Однако, пойду проветрюсь.
Окончательно мое настроение испортил полковой особист. Он крепко подвыпил и начал приставать, почему я явился в полк без госпитальной справки и чем смогу доказать, что где-то лечился: «Уж не палочкой ли, с которой все ещё ходишь?» От особиста отделался просто: встал и ушел.
Проходя после обеда мимо полковой конюшни, невольно остановился. Мой коновод Семен Коломиец, обняв за шею Казака, что-то тихо говорил ему и ладонью гладил по холке. Конь положил голову на плечо Коломийца, слушал его и шершавыми губами перебирал гимнастерку. На меня Казак лишь покосился своим большим фиолетовым глазом. Но не поднял головы, не заржал коротко и радостно. Для Казака я был пока никто: не хозяин и не друг. Скорее всего, как однажды сказал полковой конский доктор, — «ездоком ядреной шишкой» и «всадником без головы». Обожгла мысль — нечаянная, ревнивая и, может, несправедливая: и коновод, и Казак тоскуют о первом хозяине. Василия Петровича Горшкова, эскадронного командира, в полку любили. Поминая павших, имя его сегодня первым назвал Евгений Васильевич. Получено известие, что Горшков скончался в Новороссийском госпитале.
Я резко повернулся и зашагал к штабу. На крылечке штаба, как на завалинке деревенской хаты, мирно беседуя, сидели Никита Фокиевич Концов и Георгий Иванович Шурыгин. Я нерешительно остановился возле них.

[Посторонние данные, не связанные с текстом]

(* Under the standing assumptions, let $i,j\in I$ with $i\ne j$ and $d_X(e_i,e)\ge d_X(e_j,e)$. Then every path in $X$ from a point of $X_i$ to a point of $X_j$ meets $B(e_i;4M)$.
   Context: Standing assumptions: $X$ is a geodesic metric space with the RBP with respect to pieces $\{X_i:i\in I\}$ and constant $M>0$. Here $B(x;r)=\{z:d(x,z)<r\}$, $N_r(A)=\{z:d(z,A)\le r\}$, and RBP means: $X=\bigcup_i X_i$ and for all $i\neq j$ there is a fixed finite ordered set $I_{i,j}=\{i=i_0,i_1,\dots,i_s=j\}\subseteq I$ and points $w_r\in X_{i_r}\cap X_{i_{r+1}}$ ($0\le r<s$), forming the set $W_{i,j}$, such that every path in $X$ from $X_i$ to $X_j$ meets each $B(w_r;M)$. Moreover: a point $e\in X$ lies in exactly one piece, indexed $e\in I$ (so $X_e$); with $b=15M$, for every open ball $B$ and every $i$ with $\operatorname{diam}(B\cap X_i)\le 2b$, $X_i\setminus B$ is path-connected. For $i\ne e$, $e_i\in X_i$ is the point $w_0\in W_{i,e}$ (so every path from $X_i$ to $X_e$ meets $B(e_i;M)$); $e_e:=e$. *)

theory Defs
  imports "HOL-Analysis.Analysis"
begin

definition geodesic_space :: "'a::metric_space set \<Rightarrow> bool" where
  "geodesic_space S \<longleftrightarrow>
     (\<forall>x\<in>S. \<forall>y\<in>S. \<exists>g::real \<Rightarrow> 'a.
        g 0 = x \<and> g (dist x y) = y \<and> g ` {0..dist x y} \<subseteq> S \<and>
        (\<forall>s\<in>{0..dist x y}. \<forall>t\<in>{0..dist x y}. dist (g s) (g t) = \<bar>s - t\<bar>))"

text \<open>RBP of the whole space (the universe of type 'a) with respect to pieces
X i (i in I) and constant M, with the fixed data: L i j is the ordered set
I_{i,j} = [i_0, ..., i_s] and W i j = [w_0, ..., w_{s-1}].\<close>
definition RBP :: "'i set \<Rightarrow> ('i \<Rightarrow> 'a::metric_space set) \<Rightarrow> real \<Rightarrow>
    ('i \<Rightarrow> 'i \<Rightarrow> 'i list) \<Rightarrow> ('i \<Rightarrow> 'i \<Rightarrow> 'a list) \<Rightarrow> bool" where
  "RBP I X M L W \<longleftrightarrow> 0 < M \<and> (\<Union>i\<in>I. X i) = UNIV \<and>
     (\<forall>i\<in>I. \<forall>j\<in>I. i \<noteq> j \<longrightarrow>
        distinct (L i j) \<and> set (L i j) \<subseteq> I \<and> length (L i j) \<ge> 2 \<and>
        hd (L i j) = i \<and> last (L i j) = j \<and>
        length (W i j) = length (L i j) - 1 \<and>
        (\<forall>r < length (W i j). W i j ! r \<in> X (L i j ! r) \<inter> X (L i j ! Suc r)) \<and>
        (\<forall>g. path g \<and> g 0 \<in> X i \<and> g 1 \<in> X j \<longrightarrow>
           (\<forall>r < length (W i j). \<exists>t\<in>{0..1}. g t \<in> ball (W i j ! r) M)))"

definition epoint :: "('i \<Rightarrow> 'i \<Rightarrow> 'a list) \<Rightarrow> 'i \<Rightarrow> 'a \<Rightarrow> 'i \<Rightarrow> 'a" where
  "epoint W ie e i = (if i = ie then e else hd (W i ie))"

end

theory Submission
  imports Defs
begin

text \<open>
  Write e_i for the point epoint W ie e i.  The proof compares the two points e_i and e_j.

  If d(e_i,e_j) < 2M, the first RBP gate w of the pair (i,j) lies within M of the geodesic
  from e_i to e_j, hence within 3M of e_i; any path from X_i to X_j passes within M of w and
  so enters B(e_i;4M).

  If d(e_i,e_j) \<ge> 2M and a path g from X_i to X_j avoided even B(e_i;2M), then X_j minus B(e_i;2M)
  is path-connected (the ball meets X_j in a set of diameter at most 4M \<le> 30M), so g can be
  continued inside X_j, outside B(e_i;2M), to e_j and then along a geodesic to e.  This
  path from X_i to X_ie must pass within M of e_i; it can only do so on the geodesic from
  e_j to e, and since d(e_j,e) \<le> d(e_i,e) such a point forces d(e_i,e_j) < 2M.
\<close>

lemma geodesic_path:
  fixes x y :: "'a::metric_space"
  assumes geo: "geodesic_space (UNIV :: 'a set)"
  obtains \<gamma> where "path \<gamma>" "pathstart \<gamma> = x" "pathfinish \<gamma> = y"
    "\<And>p. p \<in> path_image \<gamma> \<Longrightarrow> dist x p + dist p y = dist x y"
proof -
  define D where "D = dist x y"
  obtain g :: "real \<Rightarrow> 'a" where g0: "g 0 = x" and gD: "g D = y"
    and iso: "\<forall>s\<in>{0..D}. \<forall>t\<in>{0..D}. dist (g s) (g t) = \<bar>s - t\<bar>"
    using geo unfolding geodesic_space_def D_def by blast
  have D0: "0 \<le> D" unfolding D_def by simp
  define \<gamma> where "\<gamma> t = g (D * t)" for t
  have "D * t \<in> {0..D}" if "t \<in> {0..1}" for t
    using that D0 by (auto intro: mult_left_le)
  then have dist_\<gamma>: "dist (\<gamma> s) (\<gamma> t) = D * \<bar>s - t\<bar>" if "s \<in> {0..1}" "t \<in> {0..1}" for s t
    using iso that D0 unfolding \<gamma>_def by (simp add: abs_mult right_diff_distrib[symmetric])
  have "D-lipschitz_on {0..1} \<gamma>"
    by (rule lipschitz_onI) (use dist_\<gamma> D0 in \<open>auto simp: dist_real_def\<close>)
  then have "path \<gamma>"
    unfolding path_def by (rule lipschitz_on_continuous_on)
  moreover have ends: "\<gamma> 0 = x" "\<gamma> 1 = y"
    unfolding \<gamma>_def using g0 gD by auto
  moreover have "dist x p + dist p y = D" if p: "p \<in> path_image \<gamma>" for p
  proof -
    obtain t where t: "t \<in> {0..1}" "p = \<gamma> t"
      using p unfolding path_image_def by auto
    show ?thesis
      using dist_\<gamma>[of 0 t] dist_\<gamma>[of t 1] t ends by (auto simp: algebra_simps)
  qed
  ultimately show ?thesis
    using that unfolding pathstart_def pathfinish_def D_def by blast
qed

lemma diameter_inter_ball_le:
  fixes c :: "'a::metric_space"
  assumes "0 \<le> r"
  shows "diameter (ball c r \<inter> S) \<le> 2 * r"
proof -
  have "dist x y \<le> 2 * r" if "x \<in> ball c r" "y \<in> ball c r" for x y
    using that dist_triangle[of x y c] by (simp add: dist_commute)
  then show ?thesis
    using assms unfolding diameter_def by (auto intro!: cSUP_least)
qed

lemma common_gate_near:
  fixes a p q w :: "'a::metric_space"
  assumes "dist p w < M" "dist q w < M" "dist a p \<le> r"
  shows "dist a q < r + 2 * M"
  using assms dist_triangle[of a q w] dist_triangle[of a w p]
  by (simp add: dist_commute)

lemma between_point_near:
  fixes a b e p :: "'a::metric_space"
  assumes between: "dist b p + dist p e = dist b e"
    and closer: "dist b e \<le> dist a e"
    and near: "dist a p < M"
  shows "dist a b < 2 * M"
proof -
  have "dist b p \<le> dist a p"
    using between closer dist_triangle[of a e p] by linarith
  then show ?thesis
    using near dist_triangle[of a b p] dist_commute[of p b] by linarith
qed

lemma RBP_first_gate:
  assumes rbp: "RBP I X M L W" and ab: "a \<in> I" "b \<in> I" "a \<noteq> b"
  shows "hd (W a b) \<in> X a"
    and "\<And>g. path g \<Longrightarrow> g 0 \<in> X a \<Longrightarrow> g 1 \<in> X b \<Longrightarrow> \<exists>t\<in>{0..1}. g t \<in> ball (hd (W a b)) M"
proof -
  have R: "length (L a b) \<ge> 2" "hd (L a b) = a" "length (W a b) = length (L a b) - 1"
    "\<forall>r < length (W a b). W a b ! r \<in> X (L a b ! r) \<inter> X (L a b ! Suc r)"
    "\<forall>g. path g \<and> g 0 \<in> X a \<and> g 1 \<in> X b \<longrightarrow>
        (\<forall>r < length (W a b). \<exists>t\<in>{0..1}. g t \<in> ball (W a b ! r) M)"
    using rbp ab unfolding RBP_def by blast+
  have len: "0 < length (W a b)" using R(1,3) by simp
  then have hdW: "hd (W a b) = W a b ! 0" by (simp add: hd_conv_nth)
  have "L a b \<noteq> []" using R(1) by auto
  then have "L a b ! 0 = a" using R(2) by (simp add: hd_conv_nth)
  then show "hd (W a b) \<in> X a" using R(4) len hdW by auto
  show "\<exists>t\<in>{0..1}. g t \<in> ball (hd (W a b)) M"
    if "path g" "g 0 \<in> X a" "g 1 \<in> X b" for g
    using R(5) that len hdW by auto
qed

lemma epoint_in_piece:
  assumes "RBP I X M L W" "ie \<in> I" "e \<in> X ie" "k \<in> I"
  shows "epoint W ie e k \<in> X k"
  using RBP_first_gate(1)[OF assms(1) assms(4,2)] assms(3) by (cases "k = ie") (auto simp: epoint_def)

lemma epoint_gate:
  assumes "RBP I X M L W" "ie \<in> I" "k \<in> I" "k \<noteq> ie"
    and "path g" "g 0 \<in> X k" "g 1 \<in> X ie"
  shows "\<exists>t\<in>{0..1}. g t \<in> ball (epoint W ie e k) M"
  using RBP_first_gate(2)[OF assms(1) assms(3,2,4) assms(5-7)] assms(4) by (simp add: epoint_def)

lemma near_case:
  fixes a b :: "'a::metric_space"
  assumes geo: "geodesic_space (UNIV :: 'a set)" and rbp: "RBP I X M L W"
    and ij: "i \<in> I" "j \<in> I" "i \<noteq> j"
    and ab: "a \<in> X i" "b \<in> X j" "dist a b < 2 * M"
    and g: "path g" "g 0 \<in> X i" "g 1 \<in> X j"
  shows "\<exists>t\<in>{0..1}. g t \<in> ball a (4 * M)"
proof -
  obtain \<gamma> where \<gamma>: "path \<gamma>" "pathstart \<gamma> = a" "pathfinish \<gamma> = b"
    and between: "\<And>p. p \<in> path_image \<gamma> \<Longrightarrow> dist a p + dist p b = dist a b"
    using geodesic_path[OF geo, of a b] by blast
  obtain s where s: "s \<in> {0..1}" "\<gamma> s \<in> ball (hd (W i j)) M"
    using RBP_first_gate(2)[OF rbp ij, of \<gamma>] \<gamma> ab unfolding pathstart_def pathfinish_def by auto
  obtain t where t: "t \<in> {0..1}" "g t \<in> ball (hd (W i j)) M"
    using RBP_first_gate(2)[OF rbp ij g] by blast
  have s_on: "\<gamma> s \<in> path_image \<gamma>" using s(1) by (simp add: path_image_def)
  have "dist a (\<gamma> s) \<le> dist a b"
    using between[OF s_on] zero_le_dist[of "\<gamma> s" b] by linarith
  then have "dist a (g t) < dist a b + 2 * M"
    using s t by (intro common_gate_near[where w = "hd (W i j)"]) (auto simp: dist_commute)
  then show ?thesis using t(1) ab(3) by force
qed

lemma far_case:
  fixes a b e :: "'a::metric_space"
  assumes geo: "geodesic_space (UNIV :: 'a set)" and M0: "0 < M"
    and far: "2 * M \<le> dist a b" and b: "b \<in> X j"
    and closer: "dist b e \<le> dist a e" and e: "e \<in> X ie"
    and pcj: "path_connected (X j - ball a (2 * M))"
    and gate: "\<And>P. path P \<Longrightarrow> P 0 \<in> X i \<Longrightarrow> P 1 \<in> X ie \<Longrightarrow> \<exists>t\<in>{0..1}. P t \<in> ball a M"
    and g: "path g" "g 0 \<in> X i" "g 1 \<in> X j"
  shows "\<exists>t\<in>{0..1}. g t \<in> ball a (2 * M)"
proof (rule ccontr)
  assume avoid: "\<not> (\<exists>t\<in>{0..1}. g t \<in> ball a (2 * M))"
  then have "g 1 \<in> X j - ball a (2 * M)" using g by auto
  moreover have "b \<in> X j - ball a (2 * M)" using b far by auto
  ultimately obtain h where h: "path h" "path_image h \<subseteq> X j - ball a (2 * M)"
    "pathstart h = g 1" "pathfinish h = b"
    using pcj unfolding path_connected_def by blast
  obtain \<beta> where \<beta>: "path \<beta>" "pathstart \<beta> = b" "pathfinish \<beta> = e"
    and between: "\<And>p. p \<in> path_image \<beta> \<Longrightarrow> dist b p + dist p e = dist b e"
    using geodesic_path[OF geo, of b e] by blast
  define P where "P = g +++ (h +++ \<beta>)"
  have "path (h +++ \<beta>)" "pathstart (h +++ \<beta>) = pathfinish g"
    using h \<beta> by (simp_all add: pathfinish_def)
  then have "path P" "P 0 = g 0" "P 1 = e"
    using g \<beta>(3) unfolding P_def by (auto simp: pathstart_def[symmetric] pathfinish_def[symmetric])
  then obtain p where p: "p \<in> path_image P" "dist a p < M"
    using gate[of P] g e unfolding path_image_def by force
  have "path_image P \<subseteq> path_image g \<union> path_image h \<union> path_image \<beta>"
    unfolding P_def using path_image_join_subset[of g "h +++ \<beta>"] path_image_join_subset[of h \<beta>]
    by blast
  moreover have "p \<notin> path_image g" "p \<notin> path_image h"
    using avoid h(2) p(2) M0 unfolding path_image_def by force+
  ultimately have "p \<in> path_image \<beta>" using p(1) by blast
  then have "dist a b < 2 * M"
    using between_point_near[OF between closer p(2)] by blast
  with far show False by simp
qed

theorem lemma3p2:
  fixes I :: "'i set" and X :: "'i \<Rightarrow> 'a::metric_space set" and M :: real
    and L :: "'i \<Rightarrow> 'i \<Rightarrow> 'i list" and W :: "'i \<Rightarrow> 'i \<Rightarrow> 'a list"
    and e :: 'a and ie :: 'i and i j :: 'i
  assumes geo: "geodesic_space (UNIV :: 'a set)"
    and rbp: "RBP I X M L W"
    and ie: "ie \<in> I" "e \<in> X ie" "\<forall>k\<in>I. e \<in> X k \<longrightarrow> k = ie"
    and pc: "\<forall>x r k. 0 < r \<and> k \<in> I \<and> diameter (ball x r \<inter> X k) \<le> 2 * (15 * M)
               \<longrightarrow> path_connected (X k - ball x r)"
    and ij: "i \<in> I" "j \<in> I" "i \<noteq> j"
    and d: "dist (epoint W ie e i) e \<ge> dist (epoint W ie e j) e"
  shows "\<forall>g. path g \<and> g 0 \<in> X i \<and> g 1 \<in> X j \<longrightarrow>
           (\<exists>t\<in>{0..1}. g t \<in> ball (epoint W ie e i) (4 * M))"
proof (intro allI impI)
  fix g :: "real \<Rightarrow> 'a" assume g: "path g \<and> g 0 \<in> X i \<and> g 1 \<in> X j"
  define a b where "a = epoint W ie e i" and "b = epoint W ie e j"
  have M0: "0 < M" using rbp unfolding RBP_def by simp
  have a: "a \<in> X i" and b: "b \<in> X j"
    unfolding a_def b_def using epoint_in_piece[OF rbp ie(1,2)] ij by auto
  text \<open>e_i = e would force e_j = e, so e \<in> X_j and j = ie = i.\<close>
  have i_ie: "i \<noteq> ie"
    using d b ie(3) ij unfolding a_def b_def by (auto simp: epoint_def)
  show "\<exists>t\<in>{0..1}. g t \<in> ball (epoint W ie e i) (4 * M)"
  proof (cases "dist a b < 2 * M")
    case True
    then show ?thesis using near_case[OF geo rbp ij a b] g unfolding a_def b_def by blast
  next
    case False
    have "path_connected (X j - ball a (2 * M))"
      using pc ij(2) M0 diameter_inter_ball_le[of "2 * M" a "X j"] by auto
    moreover have "\<exists>t\<in>{0..1}. P t \<in> ball a M"
      if "path P" "P 0 \<in> X i" "P 1 \<in> X ie" for P
      using epoint_gate[OF rbp ie(1) ij(1) i_ie that] unfolding a_def .
    moreover have "2 * M \<le> dist a b" "dist b e \<le> dist a e"
      using False d unfolding a_def b_def by auto
    ultimately have "\<exists>t\<in>{0..1}. g t \<in> ball a (2 * M)"
      using far_case[where X = X and i = i and j = j and ie = ie, OF geo M0 _ b _ ie(2)] g
      by blast
    then show ?thesis using M0 unfolding a_def b_def by force
  qed
qed

end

— А, Евлампий… Если шибко никуда не спешишь, то присаживайся. — Никита Фокиевич подвинулся, освобождая мне место. — Вот сидим с другом и гутарим о том о сем. Допятились до того, что спиной уперлись в самое Черное море и в Кавказские хребты. Когда же будем поворачивать войну назад?
Глава третья
В ущелье Пшехо
У меня, ПНШ по шифровально-штабной службе, большая неприятность. Она связана с тем особым параграфом из приказа по корпусу, в котором говорится об уничтожении ненужных документов и карт.
Даже вот сейчас, на склоне своих лет, когда пишу эти строки, дрожат руки, а сердце наполняется гневом. Какой-то служака, болеющий манией подозрительности, запросто мог сломать человеческую судьбу. Но верно говорят: мир не без добрых и умных людей. Однако по порядку.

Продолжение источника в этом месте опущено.